Overcoming AMR, inhibiting biofilm formation, and the inhibition of diarrhea and death caused by pathogenic E. coli in newborn piglets were documented in two research articles. In the former, the spore forming, rod-shaped, Gram-positive Bacillus subtilis was used as it is known to be a safe and a reliable probiotic in humans and animals. The isolation of B. subtilis, named WS-1, from healthy pigs inhibits the growth of pathogenic E. coli in vitro and protects the small intestine from injuries caused by an E. coli infection (Du et al.). In the latter study, seven gene-specific knockouts were produced by recombination in ocular E. coli.
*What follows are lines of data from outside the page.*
lemma l2_cauchy_schwarz:
  assumes f: "f \<in> l2" and g: "g \<in> l2"
  shows "cmod (ip f g) \<le> l2norm f * l2norm g"
proof (cases "l2norm f = 0 \<or> l2norm g = 0")
  case True
  then have "f = (\<lambda>i. 0) \<or> g = (\<lambda>i. 0)"
    using l2norm_eq_0 f g by blast
  then show ?thesis
    by (auto simp: ip_def l2norm_nonneg)
next
  case False
  define s where "s = l2norm g / l2norm f"
  have s: "s > 0"
    using False l2norm_nonneg[of f] l2norm_nonneg[of g] by (simp add: s_def)
  \<comment> \<open>weighted AM-GM, with the weight chosen to make the final bound sharp\<close>
  have AM_GM: "cmod (f i) * cmod (g i) \<le> s / 2 * (cmod (f i))\<^sup>2 + 1 / (2 * s) * (cmod (g i))\<^sup>2" for i
    using sum_squares_bound[of "s * cmod (f i)" "cmod (g i)"] s
    by (simp add: field_simps power2_eq_square)
  have "cmod (ip f g) \<le> infsum (\<lambda>i. cmod (f i) * cmod (g i)) UNIV"
    using l2_norm_mult_summable[OF f g]
    by (intro norm_infsum_le[OF ip_has_sum[OF f g]]) (auto simp: norm_mult)
  also have "\<dots> \<le> infsum (\<lambda>i. s / 2 * (cmod (f i))\<^sup>2 + 1 / (2 * s) * (cmod (g i))\<^sup>2) UNIV"
    using f g unfolding l2_def
    by (intro infsum_mono AM_GM l2_norm_mult_summable[OF f g] summable_on_add summable_on_cmult_right)
      auto
  also have "\<dots> = s / 2 * (l2norm f)\<^sup>2 + 1 / (2 * s) * (l2norm g)\<^sup>2"
  proof -
    have "(\<lambda>i. (cmod (f i))\<^sup>2) summable_on UNIV" "(\<lambda>i. (cmod (g i))\<^sup>2) summable_on UNIV"
      using f g by (simp_all add: l2_def)
    from this[THEN summable_on_cmult_right] show ?thesis
      unfolding l2norm_power2 by (simp only: infsum_add infsum_cmult_right')
  qed
  also have "\<dots> = l2norm f * l2norm g"
    using False unfolding s_def by (simp add: field_simps power2_eq_square)
  finally show ?thesis .
qed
The mutations targeted three transmembrane genes ytfR, mdtO, and tolA, ryfA coding for non-coding RNA and three metabolic genes mhpA, mhpB, and bdcR. Interestingly, biofilm synthesis was inhibited in five mutants (ΔbdcR, ΔmhpA, ΔmhpB, ΔryfA, and ΔtolA) with no impact on their susceptibility profiles against a panel of antimicrobial agents such as ceftazidime, cefuroxime, ciprofloxacin, gentamicin, cefotaxime, sulfamethoxazole, and imipenem. Indeed, this was the first study to demonstrate the role of metabolic genes in biofilm formation (Ranjith et al.).
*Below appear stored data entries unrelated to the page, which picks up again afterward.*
(* Let $G^1$ and $G^2$ be orable graphs. Then their Cartesian product $G^1\times G^2$ is orable.
   Context: A graph is a tuple $\langle V,s_1,s_2,\mathsf{null},\mathsf{root}\rangle$ with $V$ finite, $\mathsf{root}\neq\mathsf{null}$ in $V$, $s_1,s_2\subseteq V\times V$, and $\langle\mathsf{null},x\rangle\in s_i$ iff $x=\mathsf{null}$. A graph is orable if for all nodes $x$: $\langle\mathsf{root},x\rangle\in s_2$ iff $x=\mathsf{null}$. For $G^j=\langle V^j,s^j_1,s^j_2,\mathsf{null}^j,\mathsf{root}^j\rangle$ ($j=1,2$), the Cartesian product $G^1\times G^2=\langle V^0,s^0_1,s^0_2,\mathsf{null}^0,\mathsf{root}^0\rangle$ has $\mathsf{null}^0=\langle\mathsf{null}^1,\mathsf{null}^2\rangle$, $\mathsf{root}^0=\langle\mathsf{root}^1,\mathsf{root}^2\rangle$, $V^0=\{\mathsf{null}^0,\mathsf{root}^0\}\cup(V^1\setminus\{\mathsf{null}^1,\mathsf{root}^1\})\times(V^2\setminus\{\mathsf{null}^2,\mathsf{root}^2\})$, and $s^0_i$ is the set of pairs $\langle\langle x^1,x^2\rangle,\langle y^1,y^2\rangle\rangle$ of elements of $V^0$ with $\langle x^1,y^1\rangle\in s^1_i$ and $\langle x^2,y^2\rangle\in s^2_i$. *)

theory Defs
  imports Main
begin

record 'v graph =
  V :: "'v set"
  s1 :: "('v \<times> 'v) set"
  s2 :: "('v \<times> 'v) set"
  null :: 'v
  root :: 'v

definition is_graph :: "'v graph \<Rightarrow> bool" where
  "is_graph G \<longleftrightarrow>
     finite (V G) \<and> null G \<in> V G \<and> root G \<in> V G \<and> root G \<noteq> null G \<and>
     s1 G \<subseteq> V G \<times> V G \<and> s2 G \<subseteq> V G \<times> V G \<and>
     (\<forall>x. (null G, x) \<in> s1 G \<longleftrightarrow> x = null G) \<and>
     (\<forall>x. (null G, x) \<in> s2 G \<longleftrightarrow> x = null G)"

definition orable :: "'v graph \<Rightarrow> bool" where
  "orable G \<longleftrightarrow> is_graph G \<and> (\<forall>x. (root G, x) \<in> s2 G \<longleftrightarrow> x = null G)"

definition cart_prod :: "'a graph \<Rightarrow> 'b graph \<Rightarrow> ('a \<times> 'b) graph" where
  "cart_prod G1 G2 =
    (let N = (null G1, null G2); R = (root G1, root G2);
         V0 = {N, R} \<union> (V G1 - {null G1, root G1}) \<times> (V G2 - {null G2, root G2})
     in \<lparr> V = V0,
          s1 = {(x, y). x \<in> V0 \<and> y \<in> V0 \<and> (fst x, fst y) \<in> s1 G1 \<and> (snd x, snd y) \<in> s1 G2},
          s2 = {(x, y). x \<in> V0 \<and> y \<in> V0 \<and> (fst x, fst y) \<in> s2 G1 \<and> (snd x, snd y) \<in> s2 G2},
          null = N, root = R \<rparr>)"

end

theory Submission
  imports Defs
begin

lemma cart_prod_simps [simp]:
  "null (cart_prod G1 G2) = (null G1, null G2)"
  "root (cart_prod G1 G2) = (root G1, root G2)"
  "V (cart_prod G1 G2) =
     {(null G1, null G2), (root G1, root G2)} \<union>
     (V G1 - {null G1, root G1}) \<times> (V G2 - {null G2, root G2})"
  "(x, y) \<in> s1 (cart_prod G1 G2) \<longleftrightarrow>
     x \<in> V (cart_prod G1 G2) \<and> y \<in> V (cart_prod G1 G2) \<and>
     (fst x, fst y) \<in> s1 G1 \<and> (snd x, snd y) \<in> s1 G2"
  "(x, y) \<in> s2 (cart_prod G1 G2) \<longleftrightarrow>
     x \<in> V (cart_prod G1 G2) \<and> y \<in> V (cart_prod G1 G2) \<and>
     (fst x, fst y) \<in> s2 G1 \<and> (snd x, snd y) \<in> s2 G2"
  by (simp_all add: cart_prod_def Let_def)

lemma is_graph_cart_prod:
  assumes "is_graph G1" and "is_graph G2"
  shows "is_graph (cart_prod G1 G2)"
proof -
  from assms have null_s1: "(null G1, x1) \<in> s1 G1 \<longleftrightarrow> x1 = null G1"
    and null_s2: "(null G1, x1) \<in> s2 G1 \<longleftrightarrow> x1 = null G1"
    and null_s1': "(null G2, x2) \<in> s1 G2 \<longleftrightarrow> x2 = null G2"
    and null_s2': "(null G2, x2) \<in> s2 G2 \<longleftrightarrow> x2 = null G2" for x1 x2
    unfolding is_graph_def by blast+
  have "finite (V (cart_prod G1 G2))"
    and "null (cart_prod G1 G2) \<in> V (cart_prod G1 G2)"
    and "root (cart_prod G1 G2) \<in> V (cart_prod G1 G2)"
    and "root (cart_prod G1 G2) \<noteq> null (cart_prod G1 G2)"
    using assms by (simp_all add: is_graph_def)
  moreover have "s1 (cart_prod G1 G2) \<subseteq> V (cart_prod G1 G2) \<times> V (cart_prod G1 G2)"
    and "s2 (cart_prod G1 G2) \<subseteq> V (cart_prod G1 G2) \<times> V (cart_prod G1 G2)"
    by (auto simp del: cart_prod_simps(3))
  moreover have
    "(null (cart_prod G1 G2), x) \<in> s1 (cart_prod G1 G2) \<longleftrightarrow> x = null (cart_prod G1 G2)"
    "(null (cart_prod G1 G2), x) \<in> s2 (cart_prod G1 G2) \<longleftrightarrow> x = null (cart_prod G1 G2)"
    for x
    by (cases x; auto simp: null_s1 null_s2 null_s1' null_s2')+
  ultimately show ?thesis
    unfolding is_graph_def by blast
qed

lemma cart_prod_root_s2_iff:
  assumes "orable G1" and "orable G2"
  shows "(root (cart_prod G1 G2), x) \<in> s2 (cart_prod G1 G2) \<longleftrightarrow> x = null (cart_prod G1 G2)"
proof -
  from assms have root_s2: "(root G1, x1) \<in> s2 G1 \<longleftrightarrow> x1 = null G1"
    and root_s2': "(root G2, x2) \<in> s2 G2 \<longleftrightarrow> x2 = null G2" for x1 x2
    unfolding orable_def by blast+
  from assms have "null G1 \<noteq> root G1" and "null G2 \<noteq> root G2"
    unfolding orable_def is_graph_def by auto
  then show ?thesis
    by (cases x) (auto simp: root_s2 root_s2')
qed

theorem proposition31:
  fixes G1 :: "'a graph" and G2 :: "'b graph"
  assumes "orable G1" and "orable G2"
  shows "orable (cart_prod G1 G2)"
proof -
  have "is_graph (cart_prod G1 G2)"
    using assms by (intro is_graph_cart_prod) (simp_all add: orable_def)
  with cart_prod_root_s2_iff [OF assms] show ?thesis
    unfolding orable_def by blast
qed

end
Although AMR genes can remain for decades in the environment even in an antimicrobial-deprived condition, reducing the use of antimicrobials is a key step to decrease AMR in livestock. Fecal complex microbial communities can out-compete bacteria harboring AMR genes. Interestingly, it was shown that changing the microbial surrounding can inhibit the transmission of AMR genes from one generation to another. For example, the proportion of resistant Enterobacteria declined from 93 to 9% accompanied with reduced prevalence of eight AMR genes upon testing different fecal complex microbial communities in rabbits (Achard et al.). In a similar study that focused on the effect of perinatal tulathromycin (TUL) metaphylaxis on the development of fecal microbiota and its correlation with AMR in pre-weaned piglets, it was shown that a total of 127 AMR genes linked to 19 different classes of antimicrobial agents are present. However, these results highlighted that perinatal TUL metaphylaxis has no essential impacts on fecal microbiota structure and the prevalence of AMR genes (Zeineldin et al.). These two studies suggest that different fecal microbial communities impact sensitivity to different classes of antimicrobial agents in addition to the abundance of AMR genes.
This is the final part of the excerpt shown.